Census statistics show that baby boomers of the 1962-1980 period account for 32 percent of China's total population of 1.3 billion. Now they are aged from 26 to 44, the primary home-buying group.
Many of the previous baby boomers had married since the beginning of the 1990s, and had or were going to have their babies, said Yi Xianrong, a research fellow with the Finance Research Institute under the Chinese Academy of Social Sciences.
The fast development of China's real estate industry since 1998 had much to do with this group, Yi said.
According to the National Bureau of Statistics, China's urban population was 502 million in 2002, or 39.1 percent of the country's total. By the end of 2005, the urban population expanded to 562 million, or 43 percent of the country's total.
Beijing's population grew by 415,000 in the past three years, which means 8.32 million square meters of new floor space are needed each year, calculated on the per capita floor space of 20.06 square meters in the city in 2006.
Economists warned that increasing demand might drive up housing prices. The average price of new homes in 70 large and medium-sized Chinese cities gained 6.1 percent year-on-year in January.
Figures from the National Development and Reform Commission (NDRC) and National Bureau of Statistics show the prices of new homes in Beijing rising by 9.9 percent a year, ranking the second highest after Shenzhen's 10.2 percent among the 70 cities.
Worries about baby boom
However, traditional family planning based on China's ancient "zodiac" of animal years is waning in the cities.
A survey on more than 5,500 people in Shanghai, China's biggest city, showed more than 70 percent of the respondents would ignore the year of the pig.
Fifty-eight percent of respondents said they did not believe that babies born in the Year of Pig are lucky.
Seventy-one percent of respondents worried local hospitals could not handle the baby boom and most of the respondents said they worried baby boomers might face fierce competition in finding jobs when they grow up.
Parents who give birth to a baby in the Year of Pig simply wished for their children to be happy and lucky, said Ouyang Xiaoming, a teacher at the Changshu College of Science and Engineering.
But, Ouyang warned, a sudden baby boom would affect the population structure and might cause shortages and imbalances of social resources.

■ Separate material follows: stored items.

(* Let $n\ge 2$, and let $f\in C((0,\infty))$ be positive and monotone non-decreasing, with $$f(u)\ge \mathcal{A}\,u^p\quad\text{for all }u>0$$ for some $p>n$ and $\mathcal{A}>0$. Then there is no positive convex function $u\in C^2(\mathbb{R}^n)$ solving $\det D^2u=f(u)$ on all of $\mathbb{R}^n$. *)

theory Defs
  imports "HOL-Analysis.Analysis"
begin

definition C2_with_hessian ::
  "(real^'n \<Rightarrow> real) \<Rightarrow> (real^'n \<Rightarrow> real^'n) \<Rightarrow> (real^'n \<Rightarrow> real^'n^'n) \<Rightarrow> bool" where
  "C2_with_hessian u g H \<longleftrightarrow>
     (\<forall>x. (u has_derivative (\<lambda>h. g x \<bullet> h)) (at x)) \<and>
     (\<forall>x. (g has_derivative (\<lambda>h. H x *v h)) (at x)) \<and>
     continuous_on UNIV H"

end

theory Submission
  imports Defs
begin

text \<open>
  Near a point where \<open>u = m\<close>,
  compare \<open>u\<close> on a ball of radius \<open>s\<close> with a paraboloid of opening
  \<open>\<kappa> = (A m\<^sup>p)\<^bsup>1/n\<^esup>\<close>: at an interior maximum of \<open>u\<close> minus that paraboloid the Hessian
  would be at most \<open>\<kappa>/2\<close>, hence \<open>det D\<^sup>2u \<le> (\<kappa>/2)\<^sup>n < \<kappa>\<^sup>n\<close>. So \<open>u\<close> gains
  \<open>\<kappa> s\<^sup>2/8\<close> within distance \<open>2s\<close>. Taking \<open>s\<close> proportional to \<open>m\<^bsup>-(p/n-1)/2\<^esup>\<close>, \<open>u\<close>
  doubles within that distance, and as \<open>p > n\<close> these distances form a convergent
  geometric series: \<open>u\<close> doubles infinitely often inside a bounded ball, contradicting
  its continuity.
\<close>

section \<open>Differentiation along lines\<close>

lemma
  assumes "C2_with_hessian u g H"
  shows C2_with_hessian_gradient: "(u has_derivative (\<lambda>h. g x \<bullet> h)) (at x)"
    and C2_with_hessian_hessian: "(g has_derivative (\<lambda>h. H x *v h)) (at x)"
    and C2_with_hessian_continuous_hessian: "continuous_on UNIV H"
  using assms unfolding C2_with_hessian_def by blast+
(* Let $d\geq3$ and let $T$ be a set of three affinely independent points in $\mathbb{N}_0^d$. Then the $2$-completion $E_2^\infty(T)$ of $T$ equals $\Lambda(T)\cap\mathbb{N}_0^d$.
   Context: $\mathbb{N}_0=\{0,1,2,\dots\}$. For nonempty $\Gamma\subseteq\mathbb{N}_0^d$, $\Lambda(\Gamma)$ is the coset in $\mathbb{Z}^d$ generated by $\Gamma$ (smallest coset of a subgroup of $\mathbb{Z}^d$ containing $\Gamma$); each $\lambda\in\Lambda(\Gamma)$ can be written $\lambda=\gamma+\sum_{\alpha\in\Gamma,\alpha\neq\gamma}m_{\gamma,\alpha}(\alpha-\gamma)$ with $\gamma\in\Gamma$ and integers $m_{\gamma,\alpha}$, finitely many nonzero. $d(\Gamma,\lambda)$ is the infimum over all such representations of $\max\big(\sum_{m_{\gamma,\alpha}>0}m_{\gamma,\alpha},-\sum_{m_{\gamma,\alpha}<0}m_{\gamma,\alpha}\big)$, and $E_n(\Gamma)=\{\lambda\in\Lambda(\Gamma)\cap\mathbb{N}_0^d:d(\Gamma,\lambda)\leq n\}$. Set $E_n^1(T)=E_n(T)$, $E_n^{k+1}(T)=E_n(E_n^k(T))$, and the $n$-completion $E_n^\infty(T)=\bigcup_{k\geq1}E_n^k(T)$. *)

theory Defs
  imports "HOL-Analysis.Analysis"
begin

text \<open>Points of Z^d are vectors of type int ^ 'n, with d = CARD('n).\<close>

definition nonneg_pts :: "(int ^ 'n) set" where
  "nonneg_pts = {x. \<forall>i. x $ i \<ge> 0}"

definition is_rep :: "(int ^ 'n) set \<Rightarrow> int ^ 'n \<Rightarrow> int ^ 'n \<Rightarrow> (int ^ 'n \<Rightarrow> int) \<Rightarrow> bool" where
  "is_rep G lam gam m \<longleftrightarrow> gam \<in> G \<and> finite {a. m a \<noteq> 0} \<and> {a. m a \<noteq> 0} \<subseteq> G - {gam} \<and>
     lam = gam + (\<Sum>a\<in>{a. m a \<noteq> 0}. of_int (m a) * (a - gam))"

definition Lambda :: "(int ^ 'n) set \<Rightarrow> (int ^ 'n) set" where
  "Lambda G = {lam. \<exists>gam m. is_rep G lam gam m}"

definition rep_cost :: "(int ^ 'n \<Rightarrow> int) \<Rightarrow> nat" where
  "rep_cost m = max (\<Sum>a\<in>{a. m a \<noteq> 0}. nat (m a)) (\<Sum>a\<in>{a. m a \<noteq> 0}. nat (- m a))"

definition gdist :: "(int ^ 'n) set \<Rightarrow> int ^ 'n \<Rightarrow> nat" where
  "gdist G lam = Inf {rep_cost m | gam m. is_rep G lam gam m}"

definition E :: "nat \<Rightarrow> (int ^ 'n) set \<Rightarrow> (int ^ 'n) set" where
  "E n G = {lam \<in> Lambda G \<inter> nonneg_pts. gdist G lam \<le> n}"

definition E_completion :: "nat \<Rightarrow> (int ^ 'n) set \<Rightarrow> (int ^ 'n) set" where
  "E_completion n T = (\<Union>k\<in>{1..}. (E n ^^ k) T)"

definition to_real_vec :: "int ^ 'n \<Rightarrow> real ^ 'n" where
  "to_real_vec x = (\<chi> i. real_of_int (x $ i))"

end

theory Submission
  imports Defs
begin

text \<open>Write T = {A, B, C}. Then Lambda T is the set of integer affine
  combinations aA + bB + cC with a + b + c = 1, and every E_n-step stays inside it.
  Conversely, let x = aA + bB + cC be nonnegative with A, B, C in the completion K. If
  a, b, c \<ge> 0 then x is one of A, B, C. Otherwise, up to symmetry, b \<ge> 1 and a or c is
  negative, and one point of the triple is replaced by D = B + C - A, D = 2B - A or
  D = 3B - A - C, according as c \<ge> 1, a < c \<le> 0 or a = c < 0. D is a step of cost 2 from the
  old triple, and a positive multiple of D is x plus a nonnegative combination of B and C, so
  D lies in K. Over the new independent triple, x has smaller weight |a| + |b| + |c|, and
  induction on the weight concludes. The argument works for every n \<ge> 2 and does not need
  d \<ge> 3.\<close>

lemma of_int_vec_nth [simp]: "(of_int k :: 'a::ring_1 ^ 'n) $ i = of_int k"
  by (cases k) (simp_all add: of_nat_index)

section \<open>Integer affine combinations of three points\<close>

definition comb3 :: "int \<Rightarrow> int \<Rightarrow> int \<Rightarrow> int ^ 'n \<Rightarrow> int ^ 'n \<Rightarrow> int ^ 'n \<Rightarrow> int ^ 'n" where
  "comb3 a b c A B C = of_int a * A + of_int b * B + of_int c * C"

lemma comb3_nth: "comb3 a b c A B C $ i = a * A $ i + b * B $ i + c * C $ i"
  by (simp add: comb3_def)

lemma comb3_swap12: "comb3 a b c A B C = comb3 b a c B A C"
  and comb3_swap13: "comb3 a b c A B C = comb3 c b a C B A"
  and comb3_swap23: "comb3 a b c A B C = comb3 a c b A C B"
  by (simp_all add: comb3_def algebra_simps)

lemma comb3_eq_base_plus:
  assumes "a + b + c = 1"
  shows "comb3 a b c A B C = A + of_int b * (B - A) + of_int c * (C - A)"
proof -
  have a: "a = 1 - b - c" using assms by simp
  show ?thesis unfolding vec_eq_iff comb3_nth a by (simp add: algebra_simps)
qed

lemma comb3_replace_first:
  "comb3 a b c A B C = comb3 (- a) (b + a * q) (c + a * r) (comb3 (- 1) q r A B C) B C"
  by (simp add: comb3_def algebra_simps)

lemma comb3_plus_scaled_diff:
  "comb3 a b c A B C + of_int k * (comb3 a' b' c' A B C - comb3 a'' b'' c'' A B C)
     = comb3 (a + k * (a' - a'')) (b + k * (b' - b'')) (c + k * (c' - c'')) A B C"
  by (simp add: comb3_def algebra_simps)

definition int_affine_indep3 :: "int ^ 'n \<Rightarrow> int ^ 'n \<Rightarrow> int ^ 'n \<Rightarrow> bool" where
  "int_affine_indep3 A B C \<longleftrightarrow>
     (\<forall>a b c. a + b + c = 0 \<longrightarrow> comb3 a b c A B C = 0 \<longrightarrow> a = 0 \<and> b = 0 \<and> c = 0)"

lemma int_affine_indep3D:
  "int_affine_indep3 A B C \<Longrightarrow> a + b + c = 0 \<Longrightarrow> comb3 a b c A B C = 0 \<Longrightarrow> a = 0 \<and> b = 0 \<and> c = 0"
  unfolding int_affine_indep3_def by blast

lemma int_affine_indep3_swap12: "int_affine_indep3 A B C \<Longrightarrow> int_affine_indep3 B A C"
  and int_affine_indep3_swap13: "int_affine_indep3 A B C \<Longrightarrow> int_affine_indep3 C B A"
  and int_affine_indep3_swap23: "int_affine_indep3 A B C \<Longrightarrow> int_affine_indep3 A C B"
  unfolding int_affine_indep3_def
  by (metis comb3_swap12 add.commute, metis comb3_swap13 add.commute add.assoc,
      metis comb3_swap23 add.commute add.assoc)

lemma int_affine_indep3_distinct:
  assumes "int_affine_indep3 A B C"
  shows "A \<noteq> B" "A \<noteq> C" "B \<noteq> C"
proof -
  have "comb3 1 (- 1) 0 A A C = 0" "comb3 1 0 (- 1) A B A = 0" "comb3 0 1 (- 1) A B B = 0"
    by (simp_all add: comb3_def)
  then show "A \<noteq> B" "A \<noteq> C" "B \<noteq> C"
    using int_affine_indep3D[OF assms, of 1 "- 1" 0] int_affine_indep3D[OF assms, of 1 0 "- 1"]
      int_affine_indep3D[OF assms, of 0 1 "- 1"]
    by auto
qed

lemma int_affine_indep3_replace_first:
  assumes "int_affine_indep3 A B C" "q + r = 2"
  shows "int_affine_indep3 (comb3 (- 1) q r A B C) B C"
  unfolding int_affine_indep3_def
proof (intro allI impI)
  fix a b c :: int
  assume "a + b + c = 0" "comb3 a b c (comb3 (- 1) q r A B C) B C = 0"
  moreover have "comb3 a b c (comb3 (- 1) q r A B C) B C = comb3 (- a) (b + a * q) (c + a * r) A B C"
    by (simp add: comb3_def algebra_simps)
  moreover have "- a + (b + a * q) + (c + a * r) = a + b + c"
    using assms(2) by (simp add: algebra_simps flip: distrib_left)
  ultimately have "- a = 0 \<and> b + a * q = 0 \<and> c + a * r = 0"
    using int_affine_indep3D[OF assms(1)] by metis
  then show "a = 0 \<and> b = 0 \<and> c = 0" by auto
qed

lemma int_affine_indep3_if_not_affine_dependent:
  assumes "\<not> affine_dependent (to_real_vec ` {A, B, C})" "A \<noteq> B" "A \<noteq> C" "B \<noteq> C"
  shows "int_affine_indep3 A B C"
  unfolding int_affine_indep3_def
proof (intro allI impI)
  fix a b c :: int
  assume sum: "a + b + c = 0" and comb: "comb3 a b c A B C = 0"
  let ?A = "to_real_vec A" and ?B = "to_real_vec B" and ?C = "to_real_vec C"
  have inj: "inj to_real_vec"
    by (rule injI) (simp add: to_real_vec_def vec_eq_iff)
  then have distinct: "?A \<noteq> ?B" "?A \<noteq> ?C" "?B \<noteq> ?C"
    using assms(2-4) by (auto dest: injD)
  define u where "u v = (if v = ?A then real_of_int a else if v = ?B then real_of_int b else real_of_int c)" for v
  have "sum u {?A, ?B, ?C} = 0"
    using distinct sum unfolding u_def by simp
  moreover have "(\<Sum>v\<in>{?A, ?B, ?C}. u v *\<^sub>R v) = 0"
  proof -
    have "(\<Sum>v\<in>{?A, ?B, ?C}. u v *\<^sub>R v) = real_of_int a *\<^sub>R ?A + real_of_int b *\<^sub>R ?B + real_of_int c *\<^sub>R ?C"
      using distinct unfolding u_def by (simp add: algebra_simps)
    also have "\<dots> = to_real_vec (comb3 a b c A B C)"
      by (simp add: to_real_vec_def comb3_nth vec_eq_iff)
    finally show ?thesis
      using comb by (simp add: to_real_vec_def vec_eq_iff)
  qed
  ultimately have "\<forall>v\<in>{?A, ?B, ?C}. u v = 0"
    using assms(1) affine_dependent_explicit_finite[of "{?A, ?B, ?C}"] by auto
  then show "a = 0 \<and> b = 0 \<and> c = 0"
    using distinct unfolding u_def by auto
qed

Baby boomers had to compete for a bed in hospital when they are born, for a desk when they begin schooling, for a job after growing up and they might have to scramble for a bed in an seniors' home when they retire.
Each of them will have fewer opportunities.
Chen Bo, a doctor of psychology, warned young people to think carefully when they decide to have a baby and not to blindly follow suit.
Chen also suggested the authorities should monitor changes in the population and prepare early to minimize the adverse effects of booms.